** Listed entries follows **

locale three_layer_eigenproblem =
  fixes Q T1 T2 \<mu>i \<mu>o R10 R20 \<tau> :: real
    and n :: nat
    and \<mu> \<mu>' :: "real \<Rightarrow> real"
    and f f' :: "real \<Rightarrow> complex"
    and \<sigma> :: complex
    and F1 F2 :: real
  assumes hQ: "Q > 0" and hT1: "T1 > 0" and hT2: "T2 > 0"
    and hmu: "0 < \<mu>i" "\<mu>i < \<mu>o"
    and hR: "0 < R10" "R10 < R20"
    and hn: "n > 0"
    and htau: "\<tau> \<ge> 0"
    and F1_def: "F1 = Q * real n / (2 * pi * Rsq Q \<tau> R10) * (\<mu> (zeta1 R10 R20) - \<mu>i)
               - T1 * (real n ^ 3 - real n) / sqrt (Rsq Q \<tau> R10) ^ 3"
    and F2_def: "F2 = Q * real n / (2 * pi * Rsq Q \<tau> R20) * (\<mu>o - \<mu> 1)
               - T2 * (real n ^ 3 - real n) / sqrt (Rsq Q \<tau> R20) ^ 3"
    and mu_deriv: "\<And>z. z \<in> {zeta1 R10 R20..1} \<Longrightarrow> (\<mu> has_real_derivative \<mu>' z) (at z within {zeta1 R10 R20..1})"
    and mu'_cont: "continuous_on {zeta1 R10 R20..1} \<mu>'"
    and mu_bounds: "\<And>z. z \<in> {zeta1 R10 R20..1} \<Longrightarrow> \<mu>i < \<mu> z \<and> \<mu> z < \<mu>o"
    and sigma_nz: "\<sigma> \<noteq> 0"
    and f_nontriv: "\<exists>z\<in>{zeta1 R10 R20..1}. f z \<noteq> 0"
    and f_deriv: "\<And>z. z \<in> {zeta1 R10 R20..1} \<Longrightarrow> (f has_vector_derivative f' z) (at z within {zeta1 R10 R20..1})"
    and ode: "\<And>z. z \<in> {zeta1 R10 R20<..<1} \<Longrightarrow>
        ((\<lambda>x. complex_of_real ((x * R20\<^sup>2 + R0sq Q \<tau>) * \<mu> x) * f' x) has_vector_derivative
          (complex_of_real (real n ^ 2 * R20 ^ 4 / (4 * (z * R20\<^sup>2 + R0sq Q \<tau>)) * \<mu> z) * f z
           - complex_of_real (Q * real n ^ 2 * R20\<^sup>2 / (4 * pi * (z * R20\<^sup>2 + R0sq Q \<tau>)))
               * (1 / \<sigma>) * complex_of_real (\<mu>' z) * f z)) (at z)"
    and bc1: "complex_of_real (2 * Rsq Q \<tau> R10 / (real n * R20\<^sup>2) * \<mu> (zeta1 R10 R20)) * f' (zeta1 R10 R20)
              = (complex_of_real \<mu>i - complex_of_real F1 / \<sigma>) * f (zeta1 R10 R20)"
    and bc2: "- complex_of_real (2 * Rsq Q \<tau> R20 / (real n * R20\<^sup>2) * \<mu> 1) * f' 1
              = (complex_of_real \<mu>o - complex_of_real F2 / \<sigma>) * f 1"
begin

definition P :: "real \<Rightarrow> real" where
  "P x = x * R20\<^sup>2 + R0sq Q \<tau>"

definition K :: real where
  "K = real n * R20\<^sup>2 / 2"

lemma zeta1_pos: "0 < zeta1 R10 R20"
  using hR by (simp add: zeta1_def)

lemma zeta1_less_1: "zeta1 R10 R20 < 1"
  using hR by (simp add: zeta1_def power_strict_mono)

lemma P_pos: "x \<in> {zeta1 R10 R20..1} \<Longrightarrow> 0 < P x"
  using zeta1_pos hR hQ htau by (auto simp: P_def R0sq_def intro!: add_pos_nonneg)

lemma P_zeta1: "P (zeta1 R10 R20) = Rsq Q \<tau> R10"
  using hR by (simp add: P_def zeta1_def Rsq_def R0sq_def)

lemma P_1: "P 1 = Rsq Q \<tau> R20"
  by (simp add: P_def Rsq_def R0sq_def)

lemma K_pos: "0 < K"
  using hn hR by (simp add: K_def)

lemma mu_cont: "continuous_on {zeta1 R10 R20..1} \<mu>"
  using mu_deriv continuous_on_eq_continuous_within DERIV_continuous by blast

lemma P_cont: "continuous_on S P"
  unfolding P_def by (intro continuous_intros)

(* K = n R20^2 / 2 clears the factor 2 R_j^2 / (n R20^2) of the interface conditions,
   since P equals R_j^2 at the interfaces. *)
sublocale robin: robin_eigenproblem "zeta1 R10 R20" 1 "\<lambda>x. P x * \<mu> x"
  "\<lambda>x. real n ^ 2 * R20 ^ 4 / (4 * P x) * \<mu> x" "\<lambda>x. Q * real n ^ 2 * R20\<^sup>2 / (4 * pi * P x) * \<mu>' x"
  "K * \<mu>i" "K * F1" "K * \<mu>o" "K * F2" \<sigma> f f'
proof
  show "continuous_on {zeta1 R10 R20..1} (\<lambda>x. P x * \<mu> x)"
    and "continuous_on {zeta1 R10 R20..1} (\<lambda>x. real n ^ 2 * R20 ^ 4 / (4 * P x) * \<mu> x)"
    and "continuous_on {zeta1 R10 R20..1} (\<lambda>x. Q * real n ^ 2 * R20\<^sup>2 / (4 * pi * P x) * \<mu>' x)"
    using P_pos by (auto intro!: continuous_intros P_cont mu_cont mu'_cont dest: P_pos)
  show "0 < P x * \<mu> x" and "0 < real n ^ 2 * R20 ^ 4 / (4 * P x) * \<mu> x" if "x \<in> {zeta1 R10 R20..1}" for x
    using P_pos[OF that] mu_bounds[OF that] hmu hn hR by auto
  show "((\<lambda>x. of_real (P x * \<mu> x) * f' x) has_vector_derivative
      (of_real (real n ^ 2 * R20 ^ 4 / (4 * P x) * \<mu> x)
       - of_real (Q * real n ^ 2 * R20\<^sup>2 / (4 * pi * P x) * \<mu>' x) / \<sigma>) * f x) (at x)"
    if "x \<in> {zeta1 R10 R20<..<1}" for x
    unfolding P_def by (rule has_vector_derivative_eq_rhs[OF ode[OF that]]) (simp add: algebra_simps)
  have "of_real (P (zeta1 R10 R20) * \<mu> (zeta1 R10 R20)) * f' (zeta1 R10 R20)
      = of_real K * (of_real (2 * Rsq Q \<tau> R10 / (real n * R20\<^sup>2) * \<mu> (zeta1 R10 R20)) * f' (zeta1 R10 R20))"
    using hn hR by (simp add: P_zeta1 K_def field_simps)
  then show "of_real (P (zeta1 R10 R20) * \<mu> (zeta1 R10 R20)) * f' (zeta1 R10 R20)
      = (of_real (K * \<mu>i) - of_real (K * F1) / \<sigma>) * f (zeta1 R10 R20)"
    unfolding bc1 by (simp add: algebra_simps)
  have "- of_real (P 1 * \<mu> 1) * f' 1
      = of_real K * (- of_real (2 * Rsq Q \<tau> R20 / (real n * R20\<^sup>2) * \<mu> 1) * f' 1)"
    using hn hR by (simp add: P_1 K_def field_simps)
  then show "- of_real (P 1 * \<mu> 1) * f' 1 = (of_real (K * \<mu>o) - of_real (K * F2) / \<sigma>) * f 1"
    unfolding bc2 by (simp add: algebra_simps)
qed (use zeta1_less_1 K_pos hmu sigma_nz f_deriv f_nontriv in auto)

** End of Listed entries **

From the records, copy out each line that includes the string "simp".

» **Task response**:
  using hR by (simp add: zeta1_def)
  using hR by (simp add: zeta1_def power_strict_mono)
  using zeta1_pos hR hQ htau by (auto simp: P_def R0sq_def intro!: add_pos_nonneg)
  using hR by (simp add: P_def zeta1_def Rsq_def R0sq_def)
  by (simp add: P_def Rsq_def R0sq_def)
  using hn hR by (simp add: K_def)
    unfolding P_def by (rule has_vector_derivative_eq_rhs[OF ode[OF that]]) (simp add: algebra_simps)
    using hn hR by (simp add: P_zeta1 K_def field_simps)
    unfolding bc1 by (simp add: algebra_simps)
    using hn hR by (simp add: P_1 K_def field_simps)
    unfolding bc2 by (simp add: algebra_simps)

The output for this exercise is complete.